Setelah penulisan skripsi oleh pembimbing dinilai memenuhi persyaratan, mahasiswa dapat mengajukan ujian skripsi kepada ketua jurusan atau program studi.

F. Sistematika

Sistematika penulisan skripsi merujuk pada pedoman penulisan karya ilmiah dari Universitas Pendidikan Indonesia.

G. Penilaian

Penilaian skripsi dilakukan terhadap isi, bahasa, metode, sistematika, dan penyajian.

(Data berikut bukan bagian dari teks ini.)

lemma dpart_exp_divide:
  fixes f :: "real^'n::finite \<Rightarrow> real"
  assumes f: "Cm_on m f" and bound: "\<And>js x. length js \<le> m \<Longrightarrow> x \<in> cube \<Longrightarrow> \<bar>dpart js f x\<bar> \<le> M"
    and M1: "1 \<le> M"
  shows "length is \<le> m \<Longrightarrow> \<exists>Q. graded_bound M (m - length is) (length is) (fact (length is)) Q \<and>
      (\<forall>x\<in>cube. dpart is (\<lambda>y. exp (f y) / Z) x = exp (f x) / Z * Q x)"
proof (induction "is")
  case Nil
  show ?case by (rule exI[of _ "\<lambda>x. 1"]) (simp add: graded_bound_one)
next
  case (Cons i "is")
  let ?g = "\<lambda>y. exp (f y) / Z"
  let ?k = "length is"
  define r where "r = m - Suc ?k"
  have "length is \<le> m" and m_minus_k: "m - ?k = Suc r"
    using Cons.prems unfolding r_def by simp_all
  from Cons.IH[OF this(1)] obtain Q where Q: "graded_bound M (Suc r) ?k (fact ?k) Q"
    and Qeq: "\<forall>x\<in>cube. dpart is ?g x = ?g x * Q x"
    unfolding m_minus_k by blast
  have f_pd: "pd_exists i f x" if "x \<in> cube" for x
    using Cm_on_pd_exists[OF f, of "[]"] Cons.prems that by simp
  have pd_f: "graded_bound M r 1 1 (pd i f)"
    using graded_bound_dpart[OF f bound M1, of "[i]" r 1] Cons.prems r_def by simp
  have "graded_bound M r (1 + ?k) (1 * fact ?k) (\<lambda>x. pd i f x * Q x)"
    using graded_bound_mult[OF _ _ pd_f graded_bound_Suc_imp[OF Q]] by simp
  moreover have "graded_bound M r (Suc ?k) (real ?k * fact ?k) (pd i Q)"
    using Q by simp
  ultimately have "graded_bound M r (Suc ?k) (1 * fact ?k + real ?k * fact ?k)
      (\<lambda>x. pd i f x * Q x + pd i Q x)"
    using graded_bound_add by simp
  moreover have "1 * fact ?k + real ?k * fact ?k = (fact (Suc ?k) :: real)"
    by (simp add: algebra_simps)
  moreover have "dpart (i # is) ?g x = ?g x * (pd i f x * Q x + pd i Q x)" if x: "x \<in> cube" for x
    using pd_cong[OF x Qeq, of i] pd_exp_divide_mult[OF x f_pd[OF x], of Q Z] Q x by simp
  ultimately show ?case
    using m_minus_k by (intro exI[of _ "\<lambda>x. pd i f x * Q x + pd i Q x"]) (simp add: r_def)
qed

Skripsi dipertahankan dalam ujian sidang, dan penilaian diberikan terhadap penguasaan isi, kemampuan mempertahankan skripsi secara ilmiah, dan kemampuan menggunakan bahasa Indonesia keilmuan dalam bidang studi bersangkutan.

Penilaian dilakukan dengan menggunakan format penilaian yang disediakan oleh Jurusan Pendidikan Kepelatihan.

H. Perbaikan Skripsi dalam Rangka Lulus Bersyarat

Apabila dalam sidang ujian, panitia penguji menilai skripsi mahasiswa masih mengandung kelemahan yang cukup mendasar dan harus diperbaiki, maka mahasiswa bersangkutan dinyatakan lulus bersyarat. Selanjutnya mahasiswa harus memperbaikinya di bawah pembimbing yang ditunjuk. Setelah perbaikan skripsi disetujui kemudian ditelaah kembali oleh Pimpinan Jurusan atau Program Studi untuk diberikan masukan dan disahkan.